The unique coupling used in TDAExplore, he says, efficiently and objectively tells scientists where and how much the perturbed cell image differs from the training, or normal, image, information that also provides new ideas and research directions.
Returning to the cell image with actin clustering along its perimeter, TDAExplore revealed that, while the “leading edge” was clearly different with perturbations, some of the most significant changes occurred inside the cell.
“A lot of my job is trying to find patterns in images that are hard to see,” Vitriol says, “because I need to identify those patterns so I can figure out how to get numbers out of those images.” His bottom lines include determining how the actin cytoskeleton, for which the filaments provide scaffolding and which in turn supports neurons, works and what goes wrong in conditions such as ALS.
According to the researchers, some machine learning models that require hundreds of images to train and classify images do not describe which part of the image contributed to the classification. Such massive amounts of data, which may include up to 20 million variables, necessitate the use of a supercomputer. Instead, the new system requires fewer high-resolution images and characterizes the “patches” that led to the chosen classification. The scientist’s standard personal computer can complete the new image analysis pipeline in a matter of minutes.
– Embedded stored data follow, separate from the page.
lemma limsup_ln_div_le:
  fixes a :: "nat \<Rightarrow> real"
  assumes "D > 0" and "\<And>n. n \<ge> 1 \<Longrightarrow> 0 < a n \<and> a n \<le> D * exp (c * real n)"
  shows "limsup (\<lambda>n. ereal (ln (a n) / real n)) \<le> ereal c"
proof -
  have "ereal (ln (a n) / real n) \<le> ereal (ln D / real n + c)" if "n \<ge> 1" for n
  proof -
    have "ln (a n) \<le> ln (D * exp (c * real n))" using assms(2)[OF that] by simp
    also have "\<dots> = ln D + c * real n" using assms(1) by (simp add: ln_mult)
    finally show ?thesis using that by (simp add: field_simps)
  qed
  then have "limsup (\<lambda>n. ereal (ln (a n) / real n)) \<le> limsup (\<lambda>n. ereal (ln D / real n + c))"
    by (intro Limsup_mono) (auto simp: eventually_sequentially)
  also have "\<dots> = ereal c"
  proof (rule lim_imp_Limsup)
    have "(\<lambda>n. ln D / real n + c) \<longlonglongrightarrow> 0 + c"
      by (intro tendsto_add lim_const_over_n tendsto_const)
    then show "(\<lambda>n. ereal (ln D / real n + c)) \<longlonglongrightarrow> ereal c" by (simp add: tendsto_ereal)
  qed simp
  finally show ?thesis .
qed

definition factors :: "(nat \<Rightarrow> 'a) \<Rightarrow> nat \<Rightarrow> 'a list set" where
  "factors g L = range (\<lambda>p. map (\<lambda>i. g (p + i)) [0..<L])"

lemma finite_factors:
  assumes "finite (range g)"
  shows "finite (factors g L)"
proof (rule finite_subset)
  show "factors g L \<subseteq> {xs. set xs \<subseteq> range g \<and> length xs = L}"
    by (auto simp: factors_def)
qed (use assms in \<open>simp add: finite_lists_length_eq\<close>)

lemma prefix_in_factors:
  fixes g :: "nat \<Rightarrow> 'a::t1_space"
  assumes "finite (range g)" "\<omega> \<in> orbit_space g"
  shows "map \<omega> [0..<L] \<in> factors g L"
proof -
  define Nb where "Nb = {\<eta>. \<forall>i\<in>{..<L}. \<eta> (id i) \<in> - (range g - {\<omega> i})}"
  have "open (- (range g - {\<omega> i}))" for i
    using assms(1) by (intro open_Compl finite_imp_closed) simp
  then have "open Nb"
    unfolding Nb_def by (intro product_topology_basis') simp_all
  moreover have "\<omega> \<in> Nb" by (simp add: Nb_def)
  moreover have "\<omega> \<in> closure (range (\<lambda>n k. g (n + k)))"
    using assms(2) by (simp add: orbit_space_def)
  ultimately have "Nb \<inter> closure (range (\<lambda>n k. g (n + k))) \<noteq> {}" by blast
  then have "Nb \<inter> range (\<lambda>n k. g (n + k)) \<noteq> {}"
    using open_Int_closure_eq_empty[OF \<open>open Nb\<close>] by simp
  then obtain p where "(\<lambda>k. g (p + k)) \<in> Nb" by blast
  then have p: "g (p + i) \<notin> range g - {\<omega> i}" if "i < L" for i
    using that unfolding Nb_def by simp
  have "map \<omega> [0..<L] = map (\<lambda>i. g (p + i)) [0..<L]"
    using p by (intro map_cong) auto
  then show ?thesis unfolding factors_def by (rule image_eqI) simp
qed

lemma shift_join_of_agreeing_prefix:
  assumes "\<forall>j<n + M. x j = \<xi> j"
    and "\<And>i \<eta>'. i < n \<Longrightarrow> \<forall>j<M. \<eta>' j = (shift ^^ i) \<xi> j \<Longrightarrow> \<eta>' \<in> A i"
  shows "x \<in> {y. \<forall>i<n. (shift ^^ i) y \<in> A i}"
proof (intro CollectI allI impI)
  fix i assume "i < n"
  then have "\<forall>j<M. (shift ^^ i) x j = (shift ^^ i) \<xi> j" using assms(1) by (simp add: funpow_shift)
  with \<open>i < n\<close> show "(shift ^^ i) x \<in> A i" by (rule assms(2))
qed

lemma join_cover_subcover_by_factors:
  fixes g :: "nat \<Rightarrow> 'a::t1_space"
  assumes fin: "finite (range g)"
    and M: "\<forall>\<eta>\<in>orbit_space g. \<exists>A\<in>U. \<forall>\<eta>'. (\<forall>i<M. \<eta>' i = \<eta> i) \<longrightarrow> \<eta>' \<in> A"
  obtains V where "V \<subseteq> join_cover shift n U" "finite V" "orbit_space g \<subseteq> \<Union>V"
    "card V \<le> card (factors g (n + M))"
proof -
  define Pre where "Pre = (\<lambda>\<omega>. map \<omega> [0..<n + M]) ` orbit_space g"
  have Pre_sub: "Pre \<subseteq> factors g (n + M)"
    using prefix_in_factors[OF fin] by (auto simp: Pre_def)
  then have "finite Pre" using finite_factors[OF fin] finite_subset by blast
  have "\<forall>u\<in>Pre. \<exists>\<omega>. \<omega> \<in> orbit_space g \<and> map \<omega> [0..<n + M] = u" by (auto simp: Pre_def)
  from bchoice[OF this] obtain rep where
    rep: "\<And>u. u \<in> Pre \<Longrightarrow> rep u \<in> orbit_space g \<and> map (rep u) [0..<n + M] = u" by blast
  from bchoice[OF M[unfolded Bex_def]] obtain A where A: "\<And>\<eta>. \<eta> \<in> orbit_space g \<Longrightarrow>
      A \<eta> \<in> U \<and> (\<forall>\<eta>'. (\<forall>i<M. \<eta>' i = \<eta> i) \<longrightarrow> \<eta>' \<in> A \<eta>)" by blast
  define JS where "JS u = {x. \<forall>i<n. (shift ^^ i) x \<in> A ((shift ^^ i) (rep u))}" for u
  define V where "V = JS ` Pre"
  have "JS u \<in> join_cover shift n U" if "u \<in> Pre" for u
  proof -
    have "\<forall>i<n. A ((shift ^^ i) (rep u)) \<in> U"
      using A funpow_shift_in_orbit_space rep[OF that] by blast
    then show ?thesis
      unfolding JS_def join_cover_def by (intro CollectI exI[of _ "\<lambda>i. A ((shift ^^ i) (rep u))"]) simp
  qed
  then have "V \<subseteq> join_cover shift n U" by (auto simp: V_def)
  moreover have "orbit_space g \<subseteq> \<Union>V"
  proof
    fix x assume "x \<in> orbit_space g"
    then have u: "map x [0..<n + M] \<in> Pre" unfolding Pre_def by (rule imageI)
    have "\<eta>' \<in> A ((shift ^^ i) (rep (map x [0..<n + M])))"
      if "\<forall>j<M. \<eta>' j = (shift ^^ i) (rep (map x [0..<n + M])) j" for i \<eta>'
      using A[OF funpow_shift_in_orbit_space] rep[OF u] that by blast
    moreover have "\<forall>j<n + M. x j = rep (map x [0..<n + M]) j"
      using rep[OF u] by (simp add: map_eq_conv)
    ultimately have "x \<in> JS (map x [0..<n + M])"
      unfolding JS_def by (intro shift_join_of_agreeing_prefix)
    then show "x \<in> \<Union>V" using u by (auto simp: V_def)
  qed
  moreover have "card V \<le> card (factors g (n + M))"
    using card_image_le[OF \<open>finite Pre\<close>, of JS] card_mono[OF finite_factors[OF fin] Pre_sub]
    by (simp add: V_def)
  moreover have "finite V" using \<open>finite Pre\<close> by (simp add: V_def)
  ultimately show ?thesis using that by blast
qed

lemma anqie_entropy_le_factor_growth:
  fixes g :: "nat \<Rightarrow> 'a::t1_space"
  assumes fin: "finite (range g)" and "D > 0"
    and growth: "\<And>L. real (card (factors g L)) \<le> D * exp (c * real L)"
  shows "anqie_entropy g \<le> ereal c"
  unfolding anqie_entropy_def topological_entropy_def
proof (rule SUP_least)
  fix U assume "U \<in> {U. (\<forall>A\<in>U. open A) \<and> orbit_space g \<subseteq> \<Union>U}"
  then obtain M where M: "\<forall>\<eta>\<in>orbit_space g. \<exists>A\<in>U. \<forall>\<eta>'. (\<forall>i<M. \<eta>' i = \<eta> i) \<longrightarrow> \<eta>' \<in> A"
    using Lebesgue_number_lemma_product[OF compact_orbit_space_finite_range[OF fin]] by blast
  have "0 < real (min_subcover_card (orbit_space g) (join_cover shift n U)) \<and>
    real (min_subcover_card (orbit_space g) (join_cover shift n U)) \<le> (D * exp (c * real M)) * exp (c * real n)"
    for n
  proof -
    obtain V where V: "V \<subseteq> join_cover shift n U" "finite V" "orbit_space g \<subseteq> \<Union>V"
      "card V \<le> card (factors g (n + M))"
      using join_cover_subcover_by_factors[OF fin M] .
    have "orbit_space g \<noteq> {}" using tail_in_orbit_space by blast
    then have "0 < min_subcover_card (orbit_space g) (join_cover shift n U)"
      using V(1-3) by (rule min_subcover_card_pos)
    moreover have "real (min_subcover_card (orbit_space g) (join_cover shift n U)) \<le> real (card (factors g (n + M)))"
      using min_subcover_card_le[OF V(1-3)] V(4) by linarith
    moreover have "real (card (factors g (n + M))) \<le> (D * exp (c * real M)) * exp (c * real n)"
      using growth[of "n + M"] by (simp add: exp_add[symmetric] algebra_simps)
    ultimately show ?thesis by linarith
  qed
  then show "cover_entropy (orbit_space g) shift U \<le> ereal c"
    unfolding cover_entropy_def using \<open>D > 0\<close>
    by (intro limsup_ln_div_le[where D = "D * exp (c * real M)"]) simp_all
qed

lemma factor_in_aligned_blocks:
  assumes "0 < n" "n \<le> p" and blocks: "\<And>b. 1 \<le> b \<Longrightarrow> map (\<lambda>s. g (b * n + s)) [0..<n] \<in> B"
  obtains ws where "set ws \<subseteq> B" "length ws = L div n + 2"
    "map (\<lambda>i. g (p + i)) [0..<L] = take L (drop (p mod n) (concat ws))"
proof -
  define q where "q = L div n + 2"
  define b where "b = p div n"
  define h where "h = (\<lambda>j. g (b * n + j))"
  define ws where "ws = map (\<lambda>t. map (\<lambda>s. h (t * n + s)) [0..<n]) [0..<q]"
  have "1 \<le> b" using assms(1,2) by (simp add: b_def div_greater_zero_iff Suc_le_eq)
  have "map (\<lambda>s. h (t * n + s)) [0..<n] \<in> B" for t
  proof -
    have "h (t * n + s) = g ((b + t) * n + s)" for s by (simp add: h_def algebra_simps)
    then show ?thesis using blocks \<open>1 \<le> b\<close> by simp
  qed
  then have "set ws \<subseteq> B" "length ws = q" by (auto simp: ws_def)
  have "L < (L div n + 1) * n" using \<open>0 < n\<close>
    by (metis div_mult_mod_eq add_less_cancel_left mod_less_divisor distrib_right mult_1)
  moreover have "p mod n < n" using \<open>0 < n\<close> by simp
  ultimately have "p mod n + L \<le> q * n" by (simp add: q_def)
  then have "take L (drop (p mod n) (concat ws)) = map (\<lambda>i. h (p mod n + i)) [0..<L]"
    by (simp add: ws_def concat_map_upt_blocks take_drop_map_upt)
  also have "\<dots> = map (\<lambda>i. g (p + i)) [0..<L]"
    by (simp add: h_def b_def add.assoc[symmetric])
  finally show ?thesis using that \<open>set ws \<subseteq> B\<close> \<open>length ws = q\<close> unfolding q_def by simp
qed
According to him, the novel approach used in TDAExplore objectively tells scientists where and how much the perturbed image differs from the training image, providing new ideas and research directions.
The ability to extract more and better information from images ultimately means that information generated by basic scientists like Vitriol, which frequently changes what is considered the facts of a disease and how it is treated, is more accurate. This could include being able to detect previously unnoticed changes, such as those identified by the new system inside the cell.
Currently, scientists use stains to improve contrast before using software to extract information about what they see in the images, such as how actin is organized into larger structures, he says. “We needed to come up with a new way to extract relevant data from images, and that is what this paper is about.”